Please reproduce exactly the line that contains "(* Write a = sigma0, b" and every line after it through the end of the records below, adding nothing else.

*** RECORDS FOR THE EXERCISE ***

(* Let $\sigma_0,\sigma_\epsilon>0$ with $\sigma_0\neq\sigma_\epsilon$, $\theta_0\in\mathbb{R}$, prior $\Theta\sim\mathrm{Laplace}(\theta_0,\sigma_0)$, signal $X=\Theta+\epsilon$ with $\epsilon\sim\mathrm{Laplace}(0,\sigma_\epsilon)$ independent of $\Theta$, and let $\theta_1(x)=\mathbb{E}[\Theta\mid X=x]$. Then the DeGroot coefficient $\omega=\frac{d\theta_1}{dx}\big|_{x=\theta_0}$ is $$\omega=\frac{\sigma_0}{\sigma_0+\sigma_\epsilon}.$$
   Context: $\mathrm{Laplace}(\mu,s)$ has density $t\mapsto\frac{1}{2s}e^{-|t-\mu|/s}$. The posterior mean is $\theta_1(x)=\frac{\int\theta f_\Theta(\theta)l_\epsilon(x-\theta)d\theta}{\int f_\Theta(\theta)l_\epsilon(x-\theta)d\theta}$. *)

theory Defs
  imports "HOL-Analysis.Analysis"
begin

definition laplace_density :: "real \<Rightarrow> real \<Rightarrow> real \<Rightarrow> real" where
  "laplace_density mu s t = exp (- \<bar>t - mu\<bar> / s) / (2 * s)"

definition posterior_mean :: "real \<Rightarrow> real \<Rightarrow> real \<Rightarrow> real \<Rightarrow> real" where
  "posterior_mean theta0 sigma0 sigmaeps x =
     (\<integral>\<theta>. \<theta> * laplace_density theta0 sigma0 \<theta> * laplace_density 0 sigmaeps (x - \<theta>) \<partial>lborel) /
     (\<integral>\<theta>. laplace_density theta0 sigma0 \<theta> * laplace_density 0 sigmaeps (x - \<theta>) \<partial>lborel)"

end

(* Write a = sigma0, b = sigmaeps and y = x - theta0. Substituting theta = theta0 + u turns the
   posterior mean into theta0 + M(y) / D(y), where D and M are the mass and the first moment of
   the weight exp(-|u|/a) exp(-|y - u|/b). At y = 0 the weight is even in u, so M(0) = 0 and the
   derivative of M/D at 0 is M'(0) / D(0); only continuity of D is needed. Since exp is
   1-Lipschitz on the nonpositive reals, the difference quotients of the integrand of M are
   dominated by |u| exp(-|u|/a) / b, so M may be differentiated under the integral sign:
   M'(0) = (1/b) * integral of |u| exp(-c|u|) = 2 / (b c^2) with c = 1/a + 1/b, while
   D(0) = 2 / c. Hence omega = 1 / (b c) = a / (a + b). *)

theory Submission
  imports Defs "HOL-Probability.Distributions"
begin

*** End of RECORDS FOR THE EXERCISE ***

*ANSWER TO THE EXERCISE*.
(* Write a = sigma0, b = sigmaeps and y = x - theta0. Substituting theta = theta0 + u turns the
   posterior mean into theta0 + M(y) / D(y), where D and M are the mass and the first moment of
   the weight exp(-|u|/a) exp(-|y - u|/b). At y = 0 the weight is even in u, so M(0) = 0 and the
   derivative of M/D at 0 is M'(0) / D(0); only continuity of D is needed. Since exp is
   1-Lipschitz on the nonpositive reals, the difference quotients of the integrand of M are
   dominated by |u| exp(-|u|/a) / b, so M may be differentiated under the integral sign:
   M'(0) = (1/b) * integral of |u| exp(-c|u|) = 2 / (b c^2) with c = 1/a + 1/b, while
   D(0) = 2 / c. Hence omega = 1 / (b c) = a / (a + b). *)

theory Submission
  imports Defs "HOL-Probability.Distributions"
begin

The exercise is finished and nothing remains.